There was only one way to determine right from wrong (just kidding: to see how much of a difference the addition of one measly egg could really make)—a biscuit test:

Eggs (left) versus eggless (right). And top to bottom: 375°, 400°, and 425° F.

I doubled the same biscuit recipe (I chose A Cozy Kitchen's Flaky, Awesome, Perfect Buttermilk Biscuits for its simplicity and because it calls for an egg to be whisked into the buttermilk) and baked at three different temperatures 375°, 400°, and 425° F. (A couple relevant notes: I had to add an additional tablespoon or two of buttermilk to get the non-egg dough to come together; I brushed every biscuit with a mixture of egg and buttermilk; and I used the same size biscuit cutter for every cut-out.)

Thanks to the June Oven, a smart oven with a camera inside that connects to a mobile app, I could spy on my biscuits as they baked (and then share those videos here).

Here's how the biscuit test broke down:


375° F

Cooked at 375° F, with egg (left) versus without egg (right).

400° F

Cooked at 400° F, with egg (left) versus without egg (right).

425° F

Cooked at 425° F, with egg (left) versus without egg (right).

Across all temperatures, the biscuits made with the egg were decidedly taller (and, in my view, more beautiful). They were less fragile, with a doughier moistness that the all-butter biscuits were missing.

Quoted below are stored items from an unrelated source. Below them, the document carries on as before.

lemma finite_dmin_values: "finite (dmin_values S X t)"
proof -
  let ?I = "{i. present S i t}"
  have "{\<bar>X i - X j\<bar> | i j. i \<in> ?I \<and> j \<in> ?I \<and> i \<noteq> j} \<subseteq> (\<lambda>(i, j). \<bar>X i - X j\<bar>) ` (?I \<times> ?I)"
    by auto
  moreover have "finite ((\<lambda>(i, j). \<bar>X i - X j\<bar>) ` (?I \<times> ?I))"
    using finite_present[of S t] by simp
  ultimately show ?thesis
    using finite_present[of S t] unfolding dmin_values_def Let_def
    by (meson finite_UnI finite_imageI finite_subset)
qed

lemma dmin_eq_Min:
  assumes "present S i t"
  shows "dmin S X t = Min (dmin_values S X t)"
  using assms by (auto simp: dmin_def dmin_values_def Let_def)

lemma dmin_le_dist_bd:
  assumes "present S i t"
  shows "dmin S X t \<le> dist_bd (X i)"
  unfolding dmin_eq_Min[OF assms]
  using assms by (intro Min_le finite_dmin_values) (auto simp: dmin_values_def)

lemma dmin_le_dist:
  assumes "present S i t" "present S j t" "i \<noteq> j"
  shows "dmin S X t \<le> \<bar>X i - X j\<bar>"
  unfolding dmin_eq_Min[OF assms(1)]
  using assms by (intro Min_le finite_dmin_values) (auto simp: dmin_values_def)

lemma dist_bd_nonneg: "dist_bd x \<ge> 0"
  by (simp add: dist_bd_def)

lemma dist_bd_le_half: "x \<in> {0..1} \<Longrightarrow> dist_bd x \<le> 1/2"
  by (auto simp: dist_bd_def min_def)

lemma dmin_nonneg: "dmin S X t \<ge> 0"
proof (cases "\<exists>i. present S i t")
  case True
  then obtain i where i: "present S i t" by blast
  show ?thesis
    unfolding dmin_eq_Min[OF i]
    using i finite_dmin_values[of S X t]
    by (subst Min_ge_iff) (auto simp: dmin_values_def dist_bd_nonneg)
qed (simp add: dmin_def)

lemma dmin_le_half:
  assumes "\<forall>i < length S. X i \<in> {0..1}"
  shows "dmin S X t \<le> 1/2"
proof (cases "\<exists>i. present S i t")
  case True
  then obtain i where i: "present S i t" by blast
  then have "X i \<in> {0..1}" using assms by (simp add: present_def)
  then show ?thesis using dmin_le_dist_bd[OF i, of X] dist_bd_le_half by fastforce
qed (simp add: dmin_def)

lemma dmin_two_present:
  assumes "{i. present S i t} = {a, b}" "a \<noteq> b"
  shows "dmin S X t = min (min (dist_bd (X a)) (dist_bd (X b))) \<bar>X a - X b\<bar>"
proof -
  have "present S a t" using assms(1) by blast
  moreover have "dmin_values S X t = {dist_bd (X a), dist_bd (X b), \<bar>X a - X b\<bar>}"
    using assms by (auto simp: dmin_values_def abs_minus_commute)
  ultimately show ?thesis by (simp add: dmin_eq_Min min.assoc)
qed

lemma cumulative_le_half_horizon:
  assumes "\<forall>i < length S. X i \<in> {0..1}"
  shows "cumulative S X \<le> max 0 (horizon S) / 2"
proof (cases "dmin S X integrable_on {0..horizon S}")
  case True
  have "integral {0..horizon S} (dmin S X) \<le> integral {0..horizon S} (\<lambda>_. 1/2)"
    using True dmin_le_half[OF assms] by (intro integral_le) auto
  then show ?thesis by (auto simp: cumulative_def max_def split: if_splits)
qed (simp add: cumulative_def not_integrable_integral)

lemma cumulative_le_OPT_C:
  assumes "\<forall>i < length S. X i \<in> {0..1}"
  shows "cumulative S X \<le> OPT_C S"
  unfolding OPT_C_def
  using assms cumulative_le_half_horizon[of S]
  by (intro cSUP_upper bdd_aboveI2[where M = "max 0 (horizon S) / 2"]) auto

lemma exists_close_pair:
  fixes xs :: "real list"
  assumes "n \<ge> 3" "\<forall>k < n. xs ! k \<in> {0..1}"
  shows "\<exists>i j. i < n \<and> j < n \<and> i \<noteq> j \<and> \<bar>xs ! i - xs ! j\<bar> < 1 / (real n - 2)"
proof -
  define m where "m = real n - 2"
  have m: "m \<ge> 1" using assms(1) by (simp add: m_def)
  define bucket where "bucket i = \<lfloor>xs ! i * m\<rfloor>" for i
  have buckets: "bucket ` {..<n} \<subseteq> {0..int n - 2}"
  proof
    fix y assume "y \<in> bucket ` {..<n}"
    then obtain i where i: "i < n" "y = bucket i" by auto
    have "0 \<le> xs ! i * m" "xs ! i * m \<le> m"
      using assms(2) i m by (auto intro: mult_left_le_one_le)
    then show "y \<in> {0..int n - 2}"
      unfolding i bucket_def m_def by (auto simp: le_floor_iff floor_le_iff)
  qed
  have "card (bucket ` {..<n}) \<le> card {0..int n - 2}"
    by (rule card_mono[OF _ buckets]) simp
  also have "\<dots> < card {..<n}"
    using assms(1) by simp
  finally have "\<not> inj_on bucket {..<n}"
    using pigeonhole by blast
  then obtain i j where ij: "i < n" "j < n" "i \<noteq> j" "bucket i = bucket j"
    unfolding inj_on_def by auto
  have "\<bar>xs ! i * m - xs ! j * m\<bar> < 1"
    using ij(4) unfolding bucket_def abs_less_iff
    by (smt (verit) of_int_floor_le real_of_int_floor_add_one_gt)
  then have "\<bar>xs ! i - xs ! j\<bar> * m < 1"
    using m by (simp add: left_diff_distrib[symmetric] abs_mult)
  then have "\<bar>xs ! i - xs ! j\<bar> < 1 / m"
    using m by (simp add: field_simps)
  then show ?thesis using ij m_def by blast
qed

definition stay_instance :: "nat \<Rightarrow> nat set \<Rightarrow> real \<Rightarrow> cd_instance" where
  "stay_instance n K L = map (\<lambda>k. (0, if k \<in> K then 1 + L else 1)) [0..<n]"

lemma length_stay_instance [simp]: "length (stay_instance n K L) = n"
  by (simp add: stay_instance_def)

lemma nth_stay_instance [simp]:
  "k < n \<Longrightarrow> stay_instance n K L ! k = (0, if k \<in> K then 1 + L else 1)"
  by (simp add: stay_instance_def)

lemma present_stay_instance:
  "present (stay_instance n K L) k t \<longleftrightarrow> k < n \<and> 0 \<le> t \<and> t \<le> (if k \<in> K then 1 + L else 1)"
  by (auto simp: present_def)

lemma valid_stay_instance:
  assumes "n > 0" "L \<ge> 0"
  shows "valid_instance (stay_instance n K L)"
proof -
  have "map fst (stay_instance n K L) = replicate n 0"
    by (intro nth_equalityI) auto
  then show ?thesis
    using assms by (auto simp: valid_instance_def sorted_replicate)
qed

lemma obs_stay_instance:
  assumes "k < n" "L \<ge> 0"
  shows "obs (stay_instance n K L) k = (replicate (Suc k) 0, replicate k None)"
proof -
  have "map fst (take (Suc k) (stay_instance n K L)) = replicate (Suc k) 0"
    using assms(1) by (intro nth_equalityI) (auto simp: nth_Cons')
  moreover have "map (\<lambda>j. if snd (stay_instance n K L ! j) \<le> fst (stay_instance n K L ! k)
                         then Some (snd (stay_instance n K L ! j)) else None) [0..<k]
                 = replicate k None"
    using assms by (intro nth_equalityI) auto
  ultimately show ?thesis
    by (simp add: obs_def)
qed

lemma horizon_stay_instance:
  assumes "k \<in> K" "k < n" "L > 0"
  shows "horizon (stay_instance n K L) = 1 + L"
proof -
  have "snd ` set (stay_instance n K L) \<subseteq> {1, 1 + L}"
    by (auto simp: stay_instance_def)
  moreover have "1 + L \<in> snd ` set (stay_instance n K L)"
    using assms by (force simp: stay_instance_def)
  ultimately show ?thesis
    unfolding horizon_def using assms by (intro Max_eqI) (auto intro: finite_subset)
qed

lemma dmin_cong_present:
  "{i. present S i t} = {i. present S i t'} \<Longrightarrow> dmin S X t = dmin S X t'"
  unfolding dmin_def by simp

lemma cumulative_stay_instance:
  assumes "k \<in> K" "k < n" "L > 0"
  defines "S \<equiv> stay_instance n K L"
  shows "cumulative S X = dmin S X 0 + L * dmin S X (1 + L)"
proof -
  have early: "(dmin S X has_integral dmin S X 0) {0..1::real}"
  proof (rule has_integral_eq[rotated])
    show "((\<lambda>_. dmin S X 0) has_integral dmin S X 0) {0..1::real}"
      using has_integral_const_real[of "dmin S X 0" "0::real" 1] by simp
    show "dmin S X 0 = dmin S X t" if "t \<in> {0..1}" for t
      using that assms(3) by (intro dmin_cong_present) (auto simp: S_def present_stay_instance)
  qed
  have late: "(dmin S X has_integral L * dmin S X (1 + L)) {1..1 + L}"
  proof (rule has_integral_spike_finite[of "{1}"])
    show "((\<lambda>_. dmin S X (1 + L)) has_integral L * dmin S X (1 + L)) {1..1 + L}"
      using has_integral_const_real[of "dmin S X (1 + L)" 1 "1 + L"] assms(3)
      by (simp add: mult.commute)
    show "dmin S X t = dmin S X (1 + L)" if "t \<in> {1..1 + L} - {1}" for t
      using that assms(3) by (intro dmin_cong_present) (auto simp: S_def present_stay_instance)
  qed simp
  have "(dmin S X has_integral dmin S X 0 + L * dmin S X (1 + L)) {0..1 + L}"
    using has_integral_combine[OF _ _ early late] assms(3) by simp
  then show ?thesis
    unfolding cumulative_def S_def horizon_stay_instance[OF assms(1-3)]
    by (rule integral_unique)
qed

But the all-butter biscuits had a deeper, more purely buttery flavor, uninhibited by the addition of egg, and required less chewing (the descriptor "meltingly tender," while cringeworthy, is not inappropriate here).

Kristen Miglore, Creative Director and my accomplice in biscuit-tasting, asked a fair question: Are there certain instances in which you'd want a taller, sturdier, but maybe a bit less flavorful, biscuit? Why, yes! Perhaps if you're using that biscuit for a sandwich (and want to be able to cut it in half without it crumbling), or covering it with heavy gravy, or making it into a biscuit Benedict, the lofty flakiness will be of great benefit.

The final verdict: If you're looking for a fall-apart, no-chewing-required softness and a pronounceable butter-flavor, you might do best omitting the egg. If you want a biscuit with impressive looks at great height, whisk an egg into the milk mixture and be on your way.

Baked at 400° F; the biscuits on the left are from the eggy dough.

As for the color, the biscuits were all surprisingly yellow inside and out, even those that were made without the addition of egg. I wouldn't have been able to judge a biscuit egg or no egg by color alone (even if the height and flavor would be dead giveaways).

Dramatic color difference between 400° (left) and 425° (right).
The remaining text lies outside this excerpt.